Для Вацлава поступление в школу было огромной переменой в жизни. Он вряд ли хоть раз до этого оказывался вне родного дома и без материнской заботы; а уроки казались ему очень трудными, потому что ученики должны были изучать те предметы, которые преподаются в обычной средней школе. Во всех дисциплинах, не относившихся к искусству, кроме математики и геометрии, Вацлав был плохим учеником. С первой минуты его школьной жизни его пять одноклассников стали смеяться над ним за его монголоидные черты лица и миндалевидные глаза и прозвали его «Китаец». Это прозвище было обидным для Вацлава, потому что из-за Русско-японской войны монголоиды были непопулярны в России. Вацлав жил так же, как остальные ученики, во всем, кроме еды, часть которой ему в первые два года приходилось приносить из дома, а его мать не могла давать ему те деликатесы, которые были у других. Но Вацлав не чувствовал зависти: он всегда предлагал другим часть тех маленьких подарков, которые получал от своих учителей или от старших учеников.
Только один человек смог проломить стену сдержанности, которой окружил себя Вацлав, – это был его учитель, Николай Легат. Он был не только выдающимся танцовщиком, но и чудесным учителем – обаятельным и веселым и при этом очень понимающим и чутким. С первой секунды, когда он остановил свой взгляд на Вацлаве, он понял, что в этом мальчике есть что-то, из чего в подходящих условиях может вырасти великое искусство. Вацлав любил учиться у него. Эти уроки казались праздниками. Как только Вацлав входил в танцевальный зал, он словно сбрасывал с себя робость и оказывался в своей природной среде. Он с религиозным восторгом и слепым повиновением на удивление легко выполнял шаги, которые Легат с огромным терпением показывал своим ученикам. Из этих уроков родилась взаимная симпатия, которая сохранилась навсегда. Позже Вацлав говорил мне, что обязан всем урокам своего неутомимого наставника Легата. Даже его товарищи-ученики замирали от восторга, словно околдованные, как только Вацлав начинал танцевать, и очень скоро в школе начались разговоры о том, что в ней растет новая звезда. Только Вацлав, казалось, не обращал внимания на эти слухи.
В 1902 году двухлетний испытательный срок закончился, и Вацлав был принят в Императорскую школу как постоянный ученик. Теперь он стал пансионером. Вначале он очень тосковал по матери, но как раз в это время началось серьезное изучение искусства. Начиная с первого года ученики школы были заняты в балетах и операх Мариинского театра как статисты или на малых ролях. Дети любили эти походы в театр, куда они ездили под надзором дежурного гувернера в специальных ландо, входивших в императорский каретный парк. Ученики имели собственную раздевалку на пятом этаже Мариинского театра. В ней им полагалось находиться, когда они не были заняты на сцене, но Вацлав всегда находил способ выбраться оттуда и спрятаться за кулисами, чтобы посмотреть на свой идеал – на Шаляпина. Именно Шаляпин произвел глубокое впечатление на мальчика Вацлава, и ему Вацлав страстно желал подражать. Он подсматривал каждое его движение, изучал его грим и вскоре сам стал гримироваться с таким потрясающим мастерством, что изумил своих учителей. Впервые Вацлав вышел на сцену Мариинского театра в «Аиде», в роли одного из мальчиков-негритят. Он часто получал роли и в операх, а поскольку был очень музыкальным, то скоро стал знать их наизусть. Вацлава выбрали на роль принца Готфрида Брабантского, брата Эльзы в «Лоэнгрине», и он очень гордился этой своей первой сольной ролью.

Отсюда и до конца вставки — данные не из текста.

(* Let $\mathbb{F}$ be a field with $\mathrm{char}(\mathbb{F})\neq 2,3$, let $D\in\mathbb{N}$ and let $I$ be a minimal ideal of $\hat{\mathcal{H}}$ of axial codimension $D$. Then $\dim\hat{\mathcal{H}}/I\le D+\lfloor D/2\rfloor+2\lfloor D/6\rfloor$.
   Context: Notation: $\mathbb{N}=\{1,2,3,\dots\}$, $3\mathbb{N}=\{3,6,9,\dots\}$; for $r\in\mathbb{Z}$, $\bar r=r+3\mathbb{Z}\in\mathbb{Z}_3$. The algebra $\hat{\mathcal{H}}$ is the commutative $\mathbb{F}$-algebra with basis $\{a_i:i\in\mathbb{Z}\}\cup\{s_j:j\in\mathbb{N}\}\cup\{p_{\bar r,k}:\bar r\in\{\bar1,\bar2\},\ k\in 3\mathbb{N}\}$, where $s_0=0$, $p_{\bar r,j}=0$ for all $\bar r$ whenever $j\notin 3\mathbb{N}$, $p_{\bar 0,j}=-p_{\bar1,j}-p_{\bar2,j}$, $z_{\bar r,j}=p_{\bar r+\bar1,j}-p_{\bar r-\bar1,j}$, and for $i,i'\in\mathbb{Z}$, $j,l\in\mathbb{N}$, $h,k\in3\mathbb{N}$, $\bar r,\bar t\in\mathbb{Z}_3$: (H1) $a_ia_{i'}=\tfrac12(a_i+a_{i'})+s_{|i-i'|}+z_{\bar\imath,|i-i'|}$; (H2) $a_is_j=-\tfrac34a_i+\tfrac38(a_{i-j}+a_{i+j})+\tfrac32 s_j-z_{\bar\imath,j}$; (H3) $a_ip_{\bar r,k}=\tfrac32p_{\bar r,k}-p_{-(\bar\imath+\bar r),k}$; (H4) $s_js_l=\tfrac34(s_j+s_l)-\tfrac38(s_{|j-l|}+s_{j+l})$; (H5) $s_jp_{\bar r,k}=\tfrac34(p_{\bar r,j}+p_{\bar r,k})-\tfrac38(p_{\bar r,|j-k|}+p_{\bar r,j+k})$; (H6) $p_{\bar r,h}p_{\bar t,k}=\tfrac14(z_{-(\bar r+\bar t),h}+z_{-(\bar r+\bar t),k})-\tfrac18(z_{-(\bar r+\bar t),|h-k|}+z_{-(\bar r+\bar t),h+k})$. The axial codimension of an ideal $I$ is the dimension of the subspace of $\hat{\mathcal{H}}/I$ spanned by the images of the $a_i$. An ideal $I$ of axial codimension $D$ has pattern $(\alpha_0,\dots,\alpha_D)$ (where $\alpha_0\neq0\neq\alpha_D$) if $\sum_{i=0}^D\alpha_ia_i\in I$. A minimal ideal of axial codimension $D$ is an ideal of axial codimension $D$ which is minimal with respect to inclusion among the ideals of axial codimension $D$ having the same pattern. *)

theory Defs
  imports Main
begin

text \<open>Basis indices, encoded so that every index is valid:
  \<open>HA i\<close> stands for \<open>a_i\<close> (\<open>i \<in> \<int>\<close>);
  \<open>HS n\<close> stands for \<open>s_(n+1)\<close> (so \<open>j = n+1 \<in> \<nat> = {1,2,...}\<close>);
  \<open>HP True m\<close> stands for \<open>p_(1bar, 3(m+1))\<close> and \<open>HP False m\<close> for \<open>p_(2bar, 3(m+1))\<close>.\<close>

datatype hidx = HA int | HS nat | HP bool nat

definition hsupp :: "(hidx \<Rightarrow> 'a::field) \<Rightarrow> hidx set" where
  "hsupp f = {u. f u \<noteq> 0}"

definition hcar :: "(hidx \<Rightarrow> 'a::field) set" where
  "hcar = {f. finite (hsupp f)}"

definition hbas :: "hidx \<Rightarrow> hidx \<Rightarrow> 'a::field" where
  "hbas u = (\<lambda>v. if v = u then 1 else 0)"

definition hzero :: "hidx \<Rightarrow> 'a::field" where
  "hzero = (\<lambda>w. 0)"

definition ha :: "int \<Rightarrow> hidx \<Rightarrow> 'a::field" where
  "ha i = hbas (HA i)"

definition hs :: "nat \<Rightarrow> hidx \<Rightarrow> 'a::field" where
  "hs j = (if j = 0 then hzero else hbas (HS (j - 1)))"

definition hp :: "int \<Rightarrow> nat \<Rightarrow> hidx \<Rightarrow> 'a::field" where
  "hp r k = (if 0 < k \<and> 3 dvd k then
      (if r mod 3 = 1 then hbas (HP True (k div 3 - 1))
       else if r mod 3 = 2 then hbas (HP False (k div 3 - 1))
       else (\<lambda>w. - hbas (HP True (k div 3 - 1)) w - hbas (HP False (k div 3 - 1)) w))
    else hzero)"

definition hz :: "int \<Rightarrow> nat \<Rightarrow> hidx \<Rightarrow> 'a::field" where
  "hz r j = (\<lambda>w. hp (r + 1) j w - hp (r - 1) j w)"

definition absdiff :: "nat \<Rightarrow> nat \<Rightarrow> nat" where
  "absdiff j l = (if l \<le> j then j - l else l - j)"

definition prep :: "bool \<Rightarrow> int" where
  "prep b = (if b then 1 else 2)"

text \<open>Products of basis elements, following (H1)--(H6) (and commutativity).\<close>
fun bmul :: "hidx \<Rightarrow> hidx \<Rightarrow> hidx \<Rightarrow> 'a::field" where
  "bmul (HA i) (HA i') = (\<lambda>w. 1/2 * (ha i w + ha i' w)
       + hs (nat \<bar>i - i'\<bar>) w + hz i (nat \<bar>i - i'\<bar>) w)"
| "bmul (HA i) (HS n) = (let j = n + 1 in (\<lambda>w. - (3/4) * ha i w
       + 3/8 * (ha (i - int j) w + ha (i + int j) w) + 3/2 * hs j w - hz i j w))"
| "bmul (HS n) (HA i) = (let j = n + 1 in (\<lambda>w. - (3/4) * ha i w
       + 3/8 * (ha (i - int j) w + ha (i + int j) w) + 3/2 * hs j w - hz i j w))"
| "bmul (HA i) (HP b m) = (let r = prep b; k = 3 * (m + 1) in
       (\<lambda>w. 3/2 * hp r k w - hp (- (i + r)) k w))"
| "bmul (HP b m) (HA i) = (let r = prep b; k = 3 * (m + 1) in
       (\<lambda>w. 3/2 * hp r k w - hp (- (i + r)) k w))"
| "bmul (HS n) (HS n') = (let j = n + 1; l = n' + 1 in
       (\<lambda>w. 3/4 * (hs j w + hs l w) - 3/8 * (hs (absdiff j l) w + hs (j + l) w)))"
| "bmul (HS n) (HP b m) = (let j = n + 1; r = prep b; k = 3 * (m + 1) in
       (\<lambda>w. 3/4 * (hp r j w + hp r k w) - 3/8 * (hp r (absdiff j k) w + hp r (j + k) w)))"
| "bmul (HP b m) (HS n) = (let j = n + 1; r = prep b; k = 3 * (m + 1) in
       (\<lambda>w. 3/4 * (hp r j w + hp r k w) - 3/8 * (hp r (absdiff j k) w + hp r (j + k) w)))"
| "bmul (HP b m) (HP b' m') = (let r = prep b; t = prep b'; h = 3 * (m + 1); k = 3 * (m' + 1) in
       (\<lambda>w. 1/4 * (hz (- (r + t)) h w + hz (- (r + t)) k w)
          - 1/8 * (hz (- (r + t)) (absdiff h k) w + hz (- (r + t)) (h + k) w)))"

definition hmul :: "(hidx \<Rightarrow> 'a::field) \<Rightarrow> (hidx \<Rightarrow> 'a) \<Rightarrow> hidx \<Rightarrow> 'a" where
  "hmul x y = (\<lambda>w. \<Sum>u\<in>hsupp x. \<Sum>v\<in>hsupp y. x u * y v * bmul u v w)"

definition hideal :: "(hidx \<Rightarrow> 'a::field) set \<Rightarrow> bool" where
  "hideal I \<longleftrightarrow> I \<subseteq> hcar \<and> hzero \<in> I
     \<and> (\<forall>x\<in>I. \<forall>y\<in>I. (\<lambda>w. x w + y w) \<in> I)
     \<and> (\<forall>c. \<forall>x\<in>I. (\<lambda>w. c * x w) \<in> I)
     \<and> (\<forall>x\<in>hcar. \<forall>y\<in>I. hmul x y \<in> I)"

definition hspan :: "(hidx \<Rightarrow> 'a::field) set \<Rightarrow> (hidx \<Rightarrow> 'a) set" where
  "hspan S = {(\<lambda>w. \<Sum>v\<in>T. c v * v w) | T c. finite T \<and> T \<subseteq> S}"

definition lcomb :: "(nat \<Rightarrow> 'a::field) \<Rightarrow> (hidx \<Rightarrow> 'a) list \<Rightarrow> hidx \<Rightarrow> 'a" where
  "lcomb c vs = (\<lambda>w. \<Sum>i<length vs. c i * (vs ! i) w)"

text \<open>\<open>qdim I S n\<close>: the subspace of \<open>H-hat/I\<close> spanned by the images of the elements of \<open>S\<close>
  has dimension \<open>n\<close>, i.e. it has a basis consisting of the images of \<open>n\<close> elements of
  \<open>span S\<close>.\<close>
definition qdim :: "(hidx \<Rightarrow> 'a::field) set \<Rightarrow> (hidx \<Rightarrow> 'a) set \<Rightarrow> nat \<Rightarrow> bool" where
  "qdim I S n \<longleftrightarrow> (\<exists>vs. length vs = n \<and> set vs \<subseteq> hspan S
     \<and> (\<forall>c. lcomb c vs \<in> I \<longrightarrow> (\<forall>i<n. c i = 0))
     \<and> (\<forall>x\<in>S. \<exists>c. (\<lambda>w. x w - lcomb c vs w) \<in> I))"

definition axial_codim :: "(hidx \<Rightarrow> 'a::field) set \<Rightarrow> nat \<Rightarrow> bool" where
  "axial_codim I D \<longleftrightarrow> qdim I (range ha) D"

definition has_pattern :: "(hidx \<Rightarrow> 'a::field) set \<Rightarrow> nat \<Rightarrow> (nat \<Rightarrow> 'a) \<Rightarrow> bool" where
  "has_pattern I D \<alpha> \<longleftrightarrow> \<alpha> 0 \<noteq> 0 \<and> \<alpha> D \<noteq> 0
     \<and> (\<lambda>w. \<Sum>i\<le>D. \<alpha> i * ha (int i) w) \<in> I"

definition minimal_ideal :: "(hidx \<Rightarrow> 'a::field) set \<Rightarrow> nat \<Rightarrow> bool" where
  "minimal_ideal I D \<longleftrightarrow> hideal I \<and> axial_codim I D
     \<and> (\<exists>\<alpha>. has_pattern I D \<alpha>
          \<and> (\<forall>J. hideal J \<and> axial_codim J D \<and> has_pattern J D \<alpha> \<and> J \<subseteq> I \<longrightarrow> J = I))"

end

theory Submission
  imports Defs
begin

(* Let u = sum_i alpha_i a_i be the pattern element in I.  Give a_i the level |i - 1| and
   s_j, p_(r,j) the level j; multiplication by a_1 does not raise levels.  Modulo I the
   algebra is spanned by a basis of its axial part (D elements) together with the s_j and
   p_(r,j) of level j <= D/2 (floor(D/2) + 2 floor(D/6) elements).  This is shown by induction
   on the level: for m > D/2, by (H1) the element a_m u - u/2 of I equals alpha_0 (s_m + z_(m,m))
   up to elements of level < m, because |m - i| < m for 0 < i <= D < 2m.  If 3 does not divide m,
   this is s_m.  Otherwise, multiplying once and twice by a_1 gives two more such congruences,
   which together with the axes determine s_m, p_(1,m) and p_(2,m) as the characteristic is
   not 2 or 3. *)

lemma hsupp_hbas [simp]: "hsupp (hbas u :: hidx \<Rightarrow> 'a::field) = {u}"
  by (auto simp: hsupp_def hbas_def)

lemma hcar_iff: "x \<in> hcar \<longleftrightarrow> finite (hsupp x)"
  by (simp add: hcar_def)

lemma hcar_if_hsupp_subset: "finite B \<Longrightarrow> hsupp x \<subseteq> B \<Longrightarrow> x \<in> hcar"
  by (meson finite_subset hcar_iff)

lemma hcar_lincomb:
  fixes x y :: "hidx \<Rightarrow> 'a::field"
  assumes "x \<in> hcar" "y \<in> hcar"
  shows "(\<lambda>w. a * x w + b * y w) \<in> hcar"
proof -
  have "hsupp (\<lambda>w. a * x w + b * y w) \<subseteq> hsupp x \<union> hsupp y"
    by (auto simp: hsupp_def)
  then show ?thesis
    using assms by (intro hcar_if_hsupp_subset) (auto simp: hcar_iff)
qed

lemma hcar_add [simp]: "x \<in> hcar \<Longrightarrow> y \<in> hcar \<Longrightarrow> (\<lambda>w. x w + y w) \<in> hcar"
  using hcar_lincomb[of x y 1 1] by simp

lemma hcar_diff [simp]: "x \<in> hcar \<Longrightarrow> y \<in> hcar \<Longrightarrow> (\<lambda>w. x w - y w) \<in> hcar"
  using hcar_lincomb[of x y 1 "-1"] by simp

lemma hcar_scale [simp]: "x \<in> hcar \<Longrightarrow> (\<lambda>w. a * x w) \<in> hcar"
  using hcar_lincomb[of x x a 0] by simp

lemma hcar_sum:
  fixes f :: "'b \<Rightarrow> hidx \<Rightarrow> 'a::field"
  assumes "finite A" "\<And>i. i \<in> A \<Longrightarrow> f i \<in> hcar"
  shows "(\<lambda>w. \<Sum>i\<in>A. f i w) \<in> hcar"
proof -
  have "hsupp (\<lambda>w. \<Sum>i\<in>A. f i w) \<subseteq> (\<Union>i\<in>A. hsupp (f i))"
    by (auto simp: hsupp_def intro: ccontr)
  then show ?thesis
    using assms by (intro hcar_if_hsupp_subset) (auto simp: hcar_iff)
qed

lemma hcar_hbas [simp]: "hbas u \<in> hcar"
  by (simp add: hcar_iff)

lemma hzero_eq [simp]: "hzero = (\<lambda>w. 0)"
  by (simp add: hzero_def)

lemma hcar_zero [simp]: "(\<lambda>w. 0) \<in> hcar"
  by (simp add: hcar_iff hsupp_def)

lemma ha_in_hcar [simp]: "ha i \<in> hcar"
  by (simp add: ha_def)

lemma hs_in_hcar [simp]: "hs j \<in> hcar"
  by (simp add: hs_def)

lemma hp_in_hcar [simp]: "hp r k \<in> hcar"
proof -
  have "(\<lambda>w. - x w - y w) \<in> hcar" if "x \<in> hcar" "y \<in> hcar" for x y :: "hidx \<Rightarrow> 'a"
    using hcar_lincomb[OF that, of "-1" "-1"] by simp
  then show ?thesis
    by (simp add: hp_def)
qed

lemma hz_in_hcar [simp]: "hz r k \<in> hcar"
  by (simp add: hz_def)

lemma hspan_subset_hcar: "S \<subseteq> hcar \<Longrightarrow> hspan S \<subseteq> hcar"
  by (auto simp: hspan_def intro!: hcar_sum)

lemma hmul_sum_superset_right:
  fixes y :: "hidx \<Rightarrow> 'a::field"
  assumes "finite V" "hsupp y \<subseteq> V"
  shows "hmul x y w = (\<Sum>u\<in>hsupp x. \<Sum>v\<in>V. x u * y v * bmul u v w)"
  unfolding hmul_def using assms
  by (intro sum.cong refl sum.mono_neutral_left) (auto simp: hsupp_def)

lemma hmul_hbas_left: "hmul (hbas p) y w = (\<Sum>v\<in>hsupp y. y v * bmul p v w)"
  unfolding hmul_def by simp (simp add: hbas_def)

lemma hmul_hbas_hbas [simp]: "hmul (hbas p) (hbas v) = bmul p v"
  by (rule ext) (simp add: hmul_hbas_left, simp add: hbas_def)

lemma hmul_zero_right [simp]: "hmul x (\<lambda>w. 0) = (\<lambda>w. 0)"
  by (simp add: hmul_def hsupp_def)

lemma hmul_lincomb_right:
  fixes y z :: "hidx \<Rightarrow> 'a::field"
  assumes "y \<in> hcar" "z \<in> hcar"
  shows "hmul x (\<lambda>w. a * y w + b * z w) = (\<lambda>w. a * hmul x y w + b * hmul x z w)"
proof
  fix w
  let ?V = "hsupp y \<union> hsupp z"
  have V: "finite ?V" using assms by (simp add: hcar_iff)
  have "hmul x (\<lambda>w. a * y w + b * z w) w
      = (\<Sum>u\<in>hsupp x. \<Sum>v\<in>?V. x u * (a * y v + b * z v) * bmul u v w)"
    using V by (rule hmul_sum_superset_right) (auto simp: hsupp_def)
  also have "\<dots> = a * (\<Sum>u\<in>hsupp x. \<Sum>v\<in>?V. x u * y v * bmul u v w)
      + b * (\<Sum>u\<in>hsupp x. \<Sum>v\<in>?V. x u * z v * bmul u v w)"
    by (simp add: sum.distrib sum_distrib_left algebra_simps)
  also have "\<dots> = a * hmul x y w + b * hmul x z w"
    using hmul_sum_superset_right[OF V, of y x w] hmul_sum_superset_right[OF V, of z x w] by simp
  finally show "hmul x (\<lambda>w. a * y w + b * z w) w = a * hmul x y w + b * hmul x z w" .
qed

lemma hmul_add_right [simp]:
  "y \<in> hcar \<Longrightarrow> z \<in> hcar \<Longrightarrow> hmul x (\<lambda>w. y w + z w) = (\<lambda>w. hmul x y w + hmul x z w)"
  using hmul_lincomb_right[of y z x 1 1] by simp

lemma hmul_diff_right [simp]:
  "y \<in> hcar \<Longrightarrow> z \<in> hcar \<Longrightarrow> hmul x (\<lambda>w. y w - z w) = (\<lambda>w. hmul x y w - hmul x z w)"
  using hmul_lincomb_right[of y z x 1 "-1"] by simp

lemma hmul_scale_right [simp]:
  "y \<in> hcar \<Longrightarrow> hmul x (\<lambda>w. a * y w) = (\<lambda>w. a * hmul x y w)"
  using hmul_lincomb_right[of y y x a 0] by simp

lemma hmul_sum_right:
  fixes f :: "'b \<Rightarrow> hidx \<Rightarrow> 'a::field"
  assumes "finite A" "\<And>i. i \<in> A \<Longrightarrow> f i \<in> hcar"
  shows "hmul x (\<lambda>w. \<Sum>i\<in>A. f i w) = (\<lambda>w. \<Sum>i\<in>A. hmul x (f i) w)"
  using assms by (induction A rule: finite_induct) (simp_all add: hcar_sum)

Вацлав, как и его родители, был воспитан в римско-католической вере и был очень религиозным, но уже в этом возрасте он каким-то образом мог обнаружить присутствие Бога повсюду, а поскольку большинство учеников школы принадлежали к греческой православной вере, он ходил с ними на службы в школьную часовню, которую любил за золотой алтарь и огромные желтые мраморные колонны. Отец Василий, школьный священник, всегда находил для Вацлава доброе слово, когда тот кланялся ему, хотя и был другой веры. А Вацлав восхищался тем, с каким достоинством двигался этот священник, и его сверкающим золотым крестом.
Вацлав хорошо приспособился к распорядку школьного дня. В 7.30 привратник звонил в колокол, и ученики должны были вставать. Это был трудный момент для Вацлава, потому что он любил поспать и пытался урвать несколько лишних мгновений отдыха. Затем ученики шли в банный корпус, который был уникальной особенностью этой школы: вдоль стен стояли шкафчики, для каждого мальчика свой, а в середине комнаты был большой круглый медный бассейн, в который из фонтана лилась теплая вода. Через пятнадцать минут мальчики должны были пройти мимо гувернера, который ждал их у двери в столовую, находившуюся напротив спальни. Там мальчики должны были каждое утро сдавать свои носовые платки и получать взамен другие, чистые. Перед завтраком один из старших мальчиков читал благодарственную молитву. Ученикам подавали простой русский завтрак – кофе, чай, булки и масло. Детям разрешалось есть столько, сколько они хотели, а еда в школе была такой же хорошей, как у самой императорской семьи, которая часто присылала ученикам лакомства со своего стола.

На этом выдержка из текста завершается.